SUPPLIED RECORDS section start

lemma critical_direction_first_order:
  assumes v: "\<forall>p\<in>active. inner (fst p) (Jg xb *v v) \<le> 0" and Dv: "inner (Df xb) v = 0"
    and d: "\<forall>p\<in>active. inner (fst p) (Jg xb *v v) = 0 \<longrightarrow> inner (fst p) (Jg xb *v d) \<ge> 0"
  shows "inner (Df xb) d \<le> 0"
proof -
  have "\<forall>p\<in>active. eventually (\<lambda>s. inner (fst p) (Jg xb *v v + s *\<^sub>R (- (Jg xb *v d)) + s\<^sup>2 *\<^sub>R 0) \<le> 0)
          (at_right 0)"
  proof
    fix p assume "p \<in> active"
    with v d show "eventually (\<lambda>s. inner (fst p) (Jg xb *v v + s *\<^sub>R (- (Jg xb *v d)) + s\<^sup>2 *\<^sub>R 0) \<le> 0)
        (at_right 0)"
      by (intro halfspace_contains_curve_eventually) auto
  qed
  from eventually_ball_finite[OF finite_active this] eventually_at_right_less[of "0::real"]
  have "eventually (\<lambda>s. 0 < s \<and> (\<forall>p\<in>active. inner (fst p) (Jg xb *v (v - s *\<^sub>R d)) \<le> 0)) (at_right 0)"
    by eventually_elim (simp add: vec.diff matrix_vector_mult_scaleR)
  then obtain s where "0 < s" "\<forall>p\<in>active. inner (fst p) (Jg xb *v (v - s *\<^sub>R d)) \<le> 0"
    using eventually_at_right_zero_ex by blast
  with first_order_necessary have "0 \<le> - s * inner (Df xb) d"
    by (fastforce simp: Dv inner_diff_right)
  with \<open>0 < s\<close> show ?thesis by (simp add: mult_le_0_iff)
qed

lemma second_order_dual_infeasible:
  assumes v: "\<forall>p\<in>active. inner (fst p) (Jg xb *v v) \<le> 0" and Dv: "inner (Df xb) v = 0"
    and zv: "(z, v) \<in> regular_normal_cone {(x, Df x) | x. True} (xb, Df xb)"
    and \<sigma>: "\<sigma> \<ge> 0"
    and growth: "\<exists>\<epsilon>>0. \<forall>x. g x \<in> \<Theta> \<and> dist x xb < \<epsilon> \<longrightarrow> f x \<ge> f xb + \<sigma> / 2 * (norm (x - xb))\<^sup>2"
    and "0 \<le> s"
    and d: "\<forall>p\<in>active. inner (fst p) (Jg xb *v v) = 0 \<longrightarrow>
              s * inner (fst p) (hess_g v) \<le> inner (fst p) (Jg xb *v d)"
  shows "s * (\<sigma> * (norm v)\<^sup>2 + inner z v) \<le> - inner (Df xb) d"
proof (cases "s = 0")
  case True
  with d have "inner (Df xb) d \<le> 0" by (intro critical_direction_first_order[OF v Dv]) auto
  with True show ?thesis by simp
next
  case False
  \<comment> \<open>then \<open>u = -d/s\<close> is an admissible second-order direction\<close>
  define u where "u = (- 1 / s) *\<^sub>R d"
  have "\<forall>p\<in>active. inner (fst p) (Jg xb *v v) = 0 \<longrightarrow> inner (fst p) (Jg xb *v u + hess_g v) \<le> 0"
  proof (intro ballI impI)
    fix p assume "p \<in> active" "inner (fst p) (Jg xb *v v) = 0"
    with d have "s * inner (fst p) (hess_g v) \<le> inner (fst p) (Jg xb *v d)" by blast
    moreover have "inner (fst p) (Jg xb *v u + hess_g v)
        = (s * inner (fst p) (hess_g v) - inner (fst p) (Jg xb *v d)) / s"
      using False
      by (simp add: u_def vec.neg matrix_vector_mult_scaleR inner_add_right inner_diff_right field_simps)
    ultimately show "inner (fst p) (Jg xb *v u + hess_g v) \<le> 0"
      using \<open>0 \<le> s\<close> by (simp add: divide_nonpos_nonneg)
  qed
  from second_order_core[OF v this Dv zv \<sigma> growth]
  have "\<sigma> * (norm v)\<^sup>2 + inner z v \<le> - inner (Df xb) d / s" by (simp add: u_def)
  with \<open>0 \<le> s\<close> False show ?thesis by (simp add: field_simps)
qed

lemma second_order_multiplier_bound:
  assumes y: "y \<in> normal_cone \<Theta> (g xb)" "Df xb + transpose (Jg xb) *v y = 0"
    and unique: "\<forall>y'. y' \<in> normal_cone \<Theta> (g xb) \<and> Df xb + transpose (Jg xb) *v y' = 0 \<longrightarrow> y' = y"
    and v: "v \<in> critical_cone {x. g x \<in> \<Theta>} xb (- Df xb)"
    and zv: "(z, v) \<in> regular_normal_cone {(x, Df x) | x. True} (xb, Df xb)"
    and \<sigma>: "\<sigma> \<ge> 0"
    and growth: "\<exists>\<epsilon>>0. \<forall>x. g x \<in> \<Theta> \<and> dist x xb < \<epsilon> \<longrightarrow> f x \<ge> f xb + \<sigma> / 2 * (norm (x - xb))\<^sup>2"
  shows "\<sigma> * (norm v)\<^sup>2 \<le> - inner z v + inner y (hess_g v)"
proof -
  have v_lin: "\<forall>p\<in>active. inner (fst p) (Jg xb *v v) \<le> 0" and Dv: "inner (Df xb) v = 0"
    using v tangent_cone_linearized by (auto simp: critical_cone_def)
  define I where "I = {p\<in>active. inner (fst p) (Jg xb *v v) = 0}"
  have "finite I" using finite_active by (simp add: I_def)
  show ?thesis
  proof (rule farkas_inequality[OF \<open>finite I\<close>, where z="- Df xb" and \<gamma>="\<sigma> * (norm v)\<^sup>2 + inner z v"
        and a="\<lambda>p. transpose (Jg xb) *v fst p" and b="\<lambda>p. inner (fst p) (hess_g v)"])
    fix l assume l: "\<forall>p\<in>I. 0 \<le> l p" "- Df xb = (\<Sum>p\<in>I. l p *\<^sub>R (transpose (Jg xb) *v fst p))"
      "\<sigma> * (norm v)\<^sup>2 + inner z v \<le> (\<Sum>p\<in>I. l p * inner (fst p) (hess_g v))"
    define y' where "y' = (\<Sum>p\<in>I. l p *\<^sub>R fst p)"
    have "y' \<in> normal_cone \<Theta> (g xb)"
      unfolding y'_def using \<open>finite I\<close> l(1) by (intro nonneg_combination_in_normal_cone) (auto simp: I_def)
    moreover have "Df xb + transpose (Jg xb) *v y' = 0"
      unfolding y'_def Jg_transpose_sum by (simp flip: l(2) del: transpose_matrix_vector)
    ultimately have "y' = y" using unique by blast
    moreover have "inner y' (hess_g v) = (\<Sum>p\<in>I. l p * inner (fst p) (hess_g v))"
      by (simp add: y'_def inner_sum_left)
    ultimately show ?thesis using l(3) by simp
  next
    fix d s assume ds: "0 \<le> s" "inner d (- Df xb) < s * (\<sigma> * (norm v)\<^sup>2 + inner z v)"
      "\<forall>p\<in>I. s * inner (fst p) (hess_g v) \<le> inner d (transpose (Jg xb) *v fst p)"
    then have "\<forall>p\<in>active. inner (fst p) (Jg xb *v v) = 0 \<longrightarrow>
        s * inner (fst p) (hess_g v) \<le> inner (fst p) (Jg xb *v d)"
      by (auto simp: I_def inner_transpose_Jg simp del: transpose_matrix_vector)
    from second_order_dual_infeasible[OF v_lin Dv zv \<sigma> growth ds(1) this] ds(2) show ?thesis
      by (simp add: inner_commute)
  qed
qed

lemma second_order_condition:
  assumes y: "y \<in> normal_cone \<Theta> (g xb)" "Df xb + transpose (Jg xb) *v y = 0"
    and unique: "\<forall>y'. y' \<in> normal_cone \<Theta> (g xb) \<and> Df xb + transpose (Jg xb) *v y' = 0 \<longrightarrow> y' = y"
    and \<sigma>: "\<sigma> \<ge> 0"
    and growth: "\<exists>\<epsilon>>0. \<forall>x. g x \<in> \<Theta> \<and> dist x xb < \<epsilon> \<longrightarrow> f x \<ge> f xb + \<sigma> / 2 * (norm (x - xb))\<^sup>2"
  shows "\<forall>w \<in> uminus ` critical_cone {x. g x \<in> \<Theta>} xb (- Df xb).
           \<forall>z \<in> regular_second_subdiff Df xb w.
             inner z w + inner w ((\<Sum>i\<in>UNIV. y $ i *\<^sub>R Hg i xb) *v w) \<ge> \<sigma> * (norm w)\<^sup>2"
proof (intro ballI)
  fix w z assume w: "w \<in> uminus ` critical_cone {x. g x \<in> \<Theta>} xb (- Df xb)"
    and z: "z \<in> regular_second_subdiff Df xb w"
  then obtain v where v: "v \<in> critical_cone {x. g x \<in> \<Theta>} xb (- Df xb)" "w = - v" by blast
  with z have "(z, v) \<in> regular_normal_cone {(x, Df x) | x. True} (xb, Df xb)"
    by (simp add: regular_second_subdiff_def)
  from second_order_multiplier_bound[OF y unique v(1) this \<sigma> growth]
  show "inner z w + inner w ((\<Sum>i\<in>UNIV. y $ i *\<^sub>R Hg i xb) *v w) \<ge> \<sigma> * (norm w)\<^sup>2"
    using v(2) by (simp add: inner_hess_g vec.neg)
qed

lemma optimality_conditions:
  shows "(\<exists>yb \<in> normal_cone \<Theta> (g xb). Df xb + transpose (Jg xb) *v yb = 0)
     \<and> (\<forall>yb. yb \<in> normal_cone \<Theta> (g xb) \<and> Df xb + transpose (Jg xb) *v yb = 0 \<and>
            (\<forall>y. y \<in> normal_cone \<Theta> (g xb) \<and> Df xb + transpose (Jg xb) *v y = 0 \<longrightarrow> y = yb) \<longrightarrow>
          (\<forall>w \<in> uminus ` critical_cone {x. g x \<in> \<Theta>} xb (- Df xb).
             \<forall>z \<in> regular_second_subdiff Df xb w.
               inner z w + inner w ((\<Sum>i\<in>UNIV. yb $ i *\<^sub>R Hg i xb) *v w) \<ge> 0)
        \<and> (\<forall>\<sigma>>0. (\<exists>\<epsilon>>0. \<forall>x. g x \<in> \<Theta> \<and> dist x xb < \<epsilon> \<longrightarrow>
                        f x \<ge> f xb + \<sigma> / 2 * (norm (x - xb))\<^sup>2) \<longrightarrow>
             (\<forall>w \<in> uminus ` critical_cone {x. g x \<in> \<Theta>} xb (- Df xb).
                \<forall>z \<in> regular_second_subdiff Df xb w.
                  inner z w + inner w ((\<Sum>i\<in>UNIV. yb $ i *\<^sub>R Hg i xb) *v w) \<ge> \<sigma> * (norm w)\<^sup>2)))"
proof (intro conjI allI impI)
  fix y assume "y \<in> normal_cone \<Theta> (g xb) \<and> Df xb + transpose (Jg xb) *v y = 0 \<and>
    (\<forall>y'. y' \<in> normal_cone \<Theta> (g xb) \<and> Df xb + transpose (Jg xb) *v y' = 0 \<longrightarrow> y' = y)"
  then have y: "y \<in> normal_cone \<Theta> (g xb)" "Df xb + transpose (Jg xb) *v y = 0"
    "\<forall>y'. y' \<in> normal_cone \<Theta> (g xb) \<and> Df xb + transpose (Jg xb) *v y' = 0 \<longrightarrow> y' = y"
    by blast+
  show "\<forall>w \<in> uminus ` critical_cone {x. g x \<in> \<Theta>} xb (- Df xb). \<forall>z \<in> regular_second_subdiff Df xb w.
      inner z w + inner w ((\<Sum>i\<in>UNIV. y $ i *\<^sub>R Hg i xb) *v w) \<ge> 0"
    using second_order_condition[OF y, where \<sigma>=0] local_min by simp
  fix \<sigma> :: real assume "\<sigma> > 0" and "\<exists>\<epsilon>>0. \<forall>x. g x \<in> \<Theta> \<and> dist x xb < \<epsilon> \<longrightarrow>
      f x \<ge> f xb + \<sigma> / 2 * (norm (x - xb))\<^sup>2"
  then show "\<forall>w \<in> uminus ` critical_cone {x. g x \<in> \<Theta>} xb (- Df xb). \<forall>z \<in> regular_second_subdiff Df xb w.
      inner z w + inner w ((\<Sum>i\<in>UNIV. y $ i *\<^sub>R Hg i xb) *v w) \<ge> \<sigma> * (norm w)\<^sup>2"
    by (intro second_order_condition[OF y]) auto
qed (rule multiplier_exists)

SUPPLIED RECORDS section end

### ACTION ITEM
Please transcribe the data exactly from its first line. End with the line that contains "by eventually_elim (simp".

### ANSWER TO THE PROBLEM
lemma critical_direction_first_order:
  assumes v: "\<forall>p\<in>active. inner (fst p) (Jg xb *v v) \<le> 0" and Dv: "inner (Df xb) v = 0"
    and d: "\<forall>p\<in>active. inner (fst p) (Jg xb *v v) = 0 \<longrightarrow> inner (fst p) (Jg xb *v d) \<ge> 0"
  shows "inner (Df xb) d \<le> 0"
proof -
  have "\<forall>p\<in>active. eventually (\<lambda>s. inner (fst p) (Jg xb *v v + s *\<^sub>R (- (Jg xb *v d)) + s\<^sup>2 *\<^sub>R 0) \<le> 0)
          (at_right 0)"
  proof
    fix p assume "p \<in> active"
    with v d show "eventually (\<lambda>s. inner (fst p) (Jg xb *v v + s *\<^sub>R (- (Jg xb *v d)) + s\<^sup>2 *\<^sub>R 0) \<le> 0)
        (at_right 0)"
      by (intro halfspace_contains_curve_eventually) auto
  qed
  from eventually_ball_finite[OF finite_active this] eventually_at_right_less[of "0::real"]
  have "eventually (\<lambda>s. 0 < s \<and> (\<forall>p\<in>active. inner (fst p) (Jg xb *v (v - s *\<^sub>R d)) \<le> 0)) (at_right 0)"
    by eventually_elim (simp add: vec.diff matrix_vector_mult_scaleR)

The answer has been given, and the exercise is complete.